3.2 Os hospitais públicos em Portugal 

Os  modelos  de  hospitais  do  SNS  têm  vindo  a  sofrer  alterações  significativas,  resultado  da  sua  empresarialização e da fuga para o direito privado, o que aconteceu em momentos diferentes no tempo e  com  formatos  distintos  da  concepção  tradicional  da  administração  pública  da  saúde  (Simões,  2004),  com  tradução na adopção de diversos modelos jurídicos para o hospital público. O mesmo autor recordou que,  em  1994,  foi  celebrado,  pela  primeira  vez  em  Portugal,  um  contrato  de  gestão  de  um  hospital  do  SNS,  concretamente  o  hospital  Fernando  Fonseca,  por  uma  entidade  privada,  cujo  modelo  jurídico  adoptado  representou,  como  refere  “(...)  o  caso  singular  de  abandono  de  uma  concepção  de  responsabilidade  exclusiva  do  Estado  na  prestação  de  serviços  públicos”  (p.93).  Este  hospital  foi,  assim,  desde  o  início  de  1996, dirigido por uma empresa privada a quem o Estado delegou as operações de gestão e manutenção  desse serviço público. Tratava‐se, na altura, do único hospital do SNS com este modelo de gestão privada.  Um  outro  modelo,  caracterizado  por  uma  forma  mínima  de  privatização,  em  que  o  Estado  se  mantinha  responsável pela prestação do serviço público, mas submetendo o modelo a regras privadas, iniciou‐se em  1998  e  foi  aplicado  a  três  unidades  do  SNS  até  2002,  concretamente:  o  Hospital  de  São  Sebastião,  a  Unidade  Local  de  Saúde de Matosinhos  e o  Hospital  do Barlavento  Algarvio.  Relativamente  aos  restantes  hospitais do SNS, também em 2002, foi abandonada a figura de instituto público baseado no direito público  e no direito administrativo em particular, para cerca de um terço dos hospitais, que passaram a adoptar o  modelo de sociedade anónima de capital exclusivamente público. Os restantes mantiveram‐se, nessa data,  a funcionar de acordo com o modelo tradicional de administração pública da saúde. Em 2005, surgiram os  hospitais EPE, a substituir os Hospitais SA. No caso da transformação dos hospitais SA em hospitais EPE, Vaz  (2010)  considerava  que  a  justificação  teria  sido,  por  um  lado,  a  necessidade  de  garantir  uma  maior  participação da dupla tutela (Ministros das Finanças e Saúde) na definição da estratégia dos hospitais e, por  outro lado, para reforçar a natureza pública destas instituições. 

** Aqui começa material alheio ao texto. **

lemma sums_choose_4k_family:
  fixes a b z I :: real and p q :: "real \<Rightarrow> real"
  assumes z: "\<bar>z\<bar> < 16"
    and reduction: "\<And>x. z * ((a + 2 * b) / 4 - (b + (a + 2 * b) / 2) * (x * (1 - x))) * q x
      = p x * (1 - z * (x * (1 - x))^2)"
    and q: "\<And>x. x \<in> {0..1} \<Longrightarrow> q x \<noteq> 0"
    and integral: "((\<lambda>x. p x / q x) has_integral I) {0..1}"
  shows "(\<lambda>n. let k = Suc n in
      (a * real k + b) * z ^ k / (real k * (2 * real k - 1) * real (4 * k choose (2 * k)))) sums I"
proof -
  have bound: "\<bar>z * (x * (1 - x))^2\<bar> \<le> \<bar>z\<bar> / 16" if "x \<in> {0..1}" for x
  proof -
    have "\<bar>z * (x * (1 - x))^2\<bar> = \<bar>z\<bar> * (x * (1 - x))^2"
      by (simp add: abs_mult)
    also have "\<dots> \<le> \<bar>z\<bar> * (1/4)^2"
      using that x_one_minus_x_le[of x] by (intro mult_left_mono power_mono) auto
    finally show ?thesis
      by (simp add: power2_eq_square)
  qed
  have reduced: "p x / q x
      = z * ((a + 2 * b) / 4 - (b + (a + 2 * b) / 2) * (x * (1 - x))) / (1 - z * (x * (1 - x))^2)"
    if "x \<in> {0..1}" for x
  proof -
    have "1 - z * (x * (1 - x))^2 \<noteq> 0"
      using bound[OF that] z by (auto dest: abs_le_D1)
    then show ?thesis
      using q[OF that] reduction[of x] by (simp add: frac_eq_eq)
  qed
  have "((\<lambda>x. z * ((a + 2 * b) / 4 - (b + (a + 2 * b) / 2) * (x * (1 - x)))
      / (1 - z * (x * (1 - x))^2)) has_integral I) {0..1}"
    by (rule has_integral_eq[OF reduced integral])
  then show ?thesis
    unfolding Let_def
    by (intro sums_integral_geometric[OF _ _ _ bound _ _ has_integral_choose_4k_term])
       (use z in \<open>simp_all add: continuous_intros\<close>)
qed

lemma arctan_sqrt_3: "arctan (sqrt 3) = pi / 3"
  using arctan_tan[of "pi / 3"] tan_60 by simp

lemma arctan_inverse_sqrt_3: "arctan (1 / sqrt 3) = pi / 6"
  using arctan_tan[of "pi / 6"] tan_30 by simp

lemma has_integral_inverse_shifted_square:
  fixes a b s t :: real
  assumes "a > 0" "s \<le> t"
  shows "((\<lambda>x. 1 / ((x - b)^2 + a^2)) has_integral (arctan ((t - b) / a) - arctan ((s - b) / a)) / a) {s..t}"
proof (rule has_integral_antiderivative[where F = "\<lambda>x. arctan ((x - b) / a) / a"])
  fix x :: real
  define P where "P = (x - b)^2 + a^2"
  have "P > 0"
    unfolding P_def using assms by (simp add: add_nonneg_pos)
  moreover have "1 + ((x - b) / a)^2 = P / a^2"
    unfolding P_def using assms by (simp add: field_simps power2_eq_square)
  moreover have "((\<lambda>x. arctan ((x - b) / a) / a) has_real_derivative
      inverse (1 + ((x - b) / a)^2) * (1 / a) / a) (at x)"
    using assms by (auto intro!: derivative_eq_intros)
  ultimately show "((\<lambda>x. arctan ((x - b) / a) / a) has_real_derivative 1 / ((x - b)^2 + a^2)) (at x)"
    using assms unfolding P_def[symmetric] by (simp add: field_simps power2_eq_square)
qed (use assms in \<open>simp_all add: diff_divide_distrib\<close>)

lemma sums_choose_3k_half:
  "(\<lambda>n. let k = Suc n in (5 * real k - 2) /
      (real k * (2 * real k - 1) * 2 ^ k * real (3 * k choose k))) sums (pi / 6)"
proof -
  have q_pos: "0 < 3 * (1 + x^2)" for x :: real
    by (simp add: add_pos_nonneg)
  have "((\<lambda>x. 2/3 * (1 / ((x - 0)^2 + 1^2))) has_integral
      2/3 * ((arctan ((1 - 0) / 1) - arctan ((0 - 0) / 1)) / 1)) {0..1}"
    by (intro has_integral_mult_right has_integral_inverse_shifted_square) simp_all
  then have integral: "((\<lambda>x::real. 2 / (3 * (1 + x^2))) has_integral pi / 6) {0..1}"
    by (simp add: add.commute)
  have "(\<lambda>n. let k = Suc n in (5 * real k + -2) * (1/2) ^ k /
      (real k * (2 * real k - 1) * real (3 * k choose k))) sums (pi / 6)"
    by (rule sums_choose_3k_family[OF _ _ q_pos[THEN less_imp_neq, THEN not_sym] integral])
       (simp_all add: field_simps power2_eq_square)
  then show ?thesis
    by (simp add: Let_def power_one_over field_simps)
qed

lemma sums_choose_3k_eight_thirds:
  "(\<lambda>n. let k = Suc n in ((7 * real k - 3) * 8 ^ k) /
      (real k * (2 * real k - 1) * 3 ^ k * real (3 * k choose k))) sums (8 * sqrt 3 / 9 * pi)"
proof -
  have quadratic: "(x - 1/4)^2 + (sqrt 3 / 4)^2 = (4 * x^2 - 2 * x + 1) / 4" for x :: real
    by (simp add: power_divide power2_eq_square field_simps)
  have q_pos: "0 < 3 * (4 * x^2 - 2 * x + 1)" for x :: real
  proof -
    have "0 < (x - 1/4)^2 + (sqrt 3 / 4)^2"
      by (intro add_nonneg_pos) auto
    then show ?thesis
      unfolding quadratic by simp
  qed
  have "((\<lambda>x. 4/3 * (1 / ((x - 1/4)^2 + (sqrt 3 / 4)^2))) has_integral
      4/3 * ((arctan ((1 - 1/4) / (sqrt 3 / 4)) - arctan ((0 - 1/4) / (sqrt 3 / 4))) / (sqrt 3 / 4))) {0..1}"
    by (intro has_integral_mult_right has_integral_inverse_shifted_square) simp_all
  also have "(1 - 1/4) / (sqrt 3 / 4) = sqrt 3"
    by (simp add: field_simps real_div_sqrt)
  also have "(0 - 1/4) / (sqrt 3 / 4) = - (1 / sqrt 3)"
    by simp
  also have "4/3 * ((arctan (sqrt 3) - arctan (- (1 / sqrt 3))) / (sqrt 3 / 4)) = 8 * sqrt 3 / 9 * pi"
    by (simp add: arctan_minus arctan_sqrt_3 arctan_inverse_sqrt_3 field_simps)
  also have "(\<lambda>x::real. 4/3 * (1 / ((x - 1/4)^2 + (sqrt 3 / 4)^2)))
      = (\<lambda>x. 16 / (3 * (4 * x^2 - 2 * x + 1)))"
    unfolding quadratic by simp
  finally have integral:
    "((\<lambda>x::real. 16 / (3 * (4 * x^2 - 2 * x + 1))) has_integral 8 * sqrt 3 / 9 * pi) {0..1}" .
  have "(\<lambda>n. let k = Suc n in (7 * real k + -3) * (8/3) ^ k /
      (real k * (2 * real k - 1) * real (3 * k choose k))) sums (8 * sqrt 3 / 9 * pi)"
    by (rule sums_choose_3k_family[OF _ _ q_pos[THEN less_imp_neq, THEN not_sym] integral])
       (simp_all add: field_simps power2_eq_square)
  then show ?thesis
    by (simp add: Let_def power_divide field_simps)
qed

lemma sums_choose_3k_minus_quarter:
  "(\<lambda>n. let k = Suc n in (28 * real k - 11) /
      (real k * (2 * real k - 1) * (-4) ^ k * real (3 * k choose k))) sums (- 2 * ln 2)"
proof -
  have quadratic_pos: "0 < x^2 - 3 * x + 4" for x :: real
  proof -
    have "x^2 - 3 * x + 4 = 7/4 + (x - 3/2)^2"
      by (simp add: power2_eq_square field_simps)
    then show ?thesis
      by (simp add: add_pos_nonneg)
  qed
  have q_pos: "0 < 3 * (1 + x) * (x^2 - 3 * x + 4)" if "x \<in> {0..1}" for x :: real
    using that quadratic_pos[of x] by simp
  have integral:
    "((\<lambda>x::real. 2 * (5 * x - 11) / (3 * (1 + x) * (x^2 - 3 * x + 4))) has_integral - 2 * ln 2) {0..1}"
  proof (rule has_integral_antiderivative[where F = "\<lambda>x. - 2/3 * (2 * ln (1 + x) - ln (x^2 - 3 * x + 4))"])
    fix x :: real
    assume "x \<in> {0..1}"
    then show "((\<lambda>x. - 2/3 * (2 * ln (1 + x) - ln (x^2 - 3 * x + 4))) has_real_derivative
        2 * (5 * x - 11) / (3 * (1 + x) * (x^2 - 3 * x + 4))) (at x)"
      using quadratic_pos[of x] by (auto intro!: derivative_eq_intros simp: divide_simps)
        (simp_all add: algebra_simps power2_eq_square)
  next
    show "- 2/3 * (2 * ln (1 + 1) - ln (1^2 - 3 * 1 + 4)) - - 2/3 * (2 * ln (1 + 0) - ln (0^2 - 3 * 0 + 4))
        = - 2 * ln (2::real)"
      using ln_realpow[of 2 2] by simp
  qed simp
  have "(\<lambda>n. let k = Suc n in (28 * real k + -11) * (-1/4) ^ k /
      (real k * (2 * real k - 1) * real (3 * k choose k))) sums (- 2 * ln 2)"
    by (rule sums_choose_3k_family[OF _ _ q_pos[THEN less_imp_neq, THEN not_sym] integral])
       (simp_all add: field_simps power2_eq_square)
  moreover have "(- (1/4) :: real) ^ k = 1 / (-4) ^ k" for k
    by (induct k) simp_all
  ultimately show ?thesis
    by (simp add: Let_def field_simps)
qed

lemma sums_choose_4k_minus_third:
  "(\<lambda>n. let k = Suc n in (7 * real k - 2) /
      (real k * (2 * real k - 1) * (-3) ^ k * real (4 * k choose (2 * k)))) sums (- ln 3 / 4)"
proof -
  have factors_pos: "0 < x^2 + x + 1" "0 < x^2 - 3 * x + 3" if "x \<in> {0..1}" for x :: real
  proof -
    show "0 < x^2 + x + 1"
      using that by (intro add_nonneg_pos add_nonneg_nonneg) auto
    have "x^2 - 3 * x + 3 = (x - 3/2)^2 + 3/4"
      by (simp add: power2_eq_square field_simps)
    then show "0 < x^2 - 3 * x + 3"
      by (metis add_nonneg_pos zero_le_power2 zero_less_divide_iff zero_less_numeral)
  qed
  have q_pos: "0 < 4 * (x^2 + x + 1) * (x^2 - 3 * x + 3)" if "x \<in> {0..1}" for x :: real
    using factors_pos[OF that] by simp
  have integral: "((\<lambda>x::real. - (3 + 2 * x * (1 - x)) / (4 * (x^2 + x + 1) * (x^2 - 3 * x + 3)))
      has_integral - ln 3 / 4) {0..1}"
  proof (rule has_integral_antiderivative[where F = "\<lambda>x. - 1/8 * (ln (x^2 + x + 1) - ln (x^2 - 3 * x + 3))"])
    fix x :: real
    assume "x \<in> {0..1}"
    then show "((\<lambda>x. - 1/8 * (ln (x^2 + x + 1) - ln (x^2 - 3 * x + 3))) has_real_derivative
        - (3 + 2 * x * (1 - x)) / (4 * (x^2 + x + 1) * (x^2 - 3 * x + 3))) (at x)"
      using factors_pos[of x] by (auto intro!: derivative_eq_intros simp: divide_simps)
        (simp_all add: algebra_simps power2_eq_square)
  qed simp_all
  have "(\<lambda>n. let k = Suc n in (7 * real k + -2) * (-1/3) ^ k /
      (real k * (2 * real k - 1) * real (4 * k choose (2 * k)))) sums (- ln 3 / 4)"
    by (rule sums_choose_4k_family[OF _ _ q_pos[THEN less_imp_neq, THEN not_sym] integral])
       (simp_all add: field_simps power2_eq_square)
  moreover have "(- (1/3) :: real) ^ k = 1 / (-3) ^ k" for k
    by (induct k) simp_all
  ultimately show ?thesis
    by (simp add: Let_def field_simps)
qed

lemma sums_choose_4k_one:
  "(\<lambda>n. let k = Suc n in (10 * real k - 3) /
      (real k * (2 * real k - 1) * real (4 * k choose (2 * k)))) sums (2 * sqrt 3 / 9 * pi)"
proof -
  have quadratic: "(x - 1/2)^2 + (sqrt 3 / 2)^2 = x^2 - x + 1" for x :: real
    by (simp add: power_divide power2_eq_square field_simps)
  have q_pos: "0 < x^2 - x + 1" for x :: real
  proof -
    have "0 < (x - 1/2)^2 + (sqrt 3 / 2)^2"
      by (intro add_nonneg_pos) auto
    then show ?thesis
      unfolding quadratic .
  qed
  have "((\<lambda>x. 1 / ((x - 1/2)^2 + (sqrt 3 / 2)^2)) has_integral
      (arctan ((1 - 1/2) / (sqrt 3 / 2)) - arctan ((0 - 1/2) / (sqrt 3 / 2))) / (sqrt 3 / 2)) {0..1}"
    by (intro has_integral_inverse_shifted_square) simp_all
  also have "(1 - 1/2) / (sqrt 3 / 2) = 1 / sqrt 3"
    by simp
  also have "(0 - 1/2) / (sqrt 3 / 2) = - (1 / sqrt 3)"
    by simp
  also have "(arctan (1 / sqrt 3) - arctan (- (1 / sqrt 3))) / (sqrt 3 / 2) = 2 * sqrt 3 / 9 * pi"
    by (simp add: arctan_minus arctan_inverse_sqrt_3 field_simps)
  also have "(\<lambda>x::real. 1 / ((x - 1/2)^2 + (sqrt 3 / 2)^2)) = (\<lambda>x. 1 / (x^2 - x + 1))"
    unfolding quadratic by simp
  finally have integral: "((\<lambda>x::real. 1 / (x^2 - x + 1)) has_integral 2 * sqrt 3 / 9 * pi) {0..1}" .
  have "(\<lambda>n. let k = Suc n in (10 * real k + -3) * 1 ^ k /
      (real k * (2 * real k - 1) * real (4 * k choose (2 * k)))) sums (2 * sqrt 3 / 9 * pi)"
    by (rule sums_choose_4k_family[OF _ _ q_pos[THEN less_imp_neq, THEN not_sym] integral])
       (simp_all add: field_simps power2_eq_square)
  then show ?thesis
    by (simp add: Let_def)
qed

Maciel  et  al.  (2010),  no  seu  trabalho  no  âmbito  da  organização  interna  e  governação  dos  hospitais  em  Portugal,  enfatizam  a  complexidade  deste  tipo  de  organizações,  bem  como  a  obsolescência  do  modelo  vigente, considerando, concretamente, que a organização em serviços fragmenta a prestação de cuidados e  condiciona o desenvolvimento de práticas de gestão descentralizadas e participadas. Observam, ainda, que  a  designada  “empresarialização  dos  hospitais”  não  teve  alterações  de  peso  nem  na  sua  arquitetura 

organizacional  nem  nas  práticas  de  gestão,  reconhecendo  apenas  maior  flexibilidade  na  contratação  de  recursos humanos, bem como maior capacidade negocial nas aquisições e nos projectos de investimento.  “Os hospitais sempre foram, e provavelmente continuarão a ser, o pilar fundamental e mais dispendioso de  qualquer sistema de saúde (...)”(J. V. Fernandes, 2011, p.23), daí a necessidade de se encontrarem modelos  de organização alternativos aos existentes para garantir a sustentabilidade financeira do sistema de saúde  português  já  que,  segundo  este  autor,  a  situação  dos  hospitais  estava  longe  de  conseguir  responder  às  exigências da realidade, concretamente no que à eficiência dizia respeito. No entanto, estes eram também  vistos como “(...) organizações onde a introdução da mudança se afigura como especialmente difícil” (Vaz,  2010, p.350).  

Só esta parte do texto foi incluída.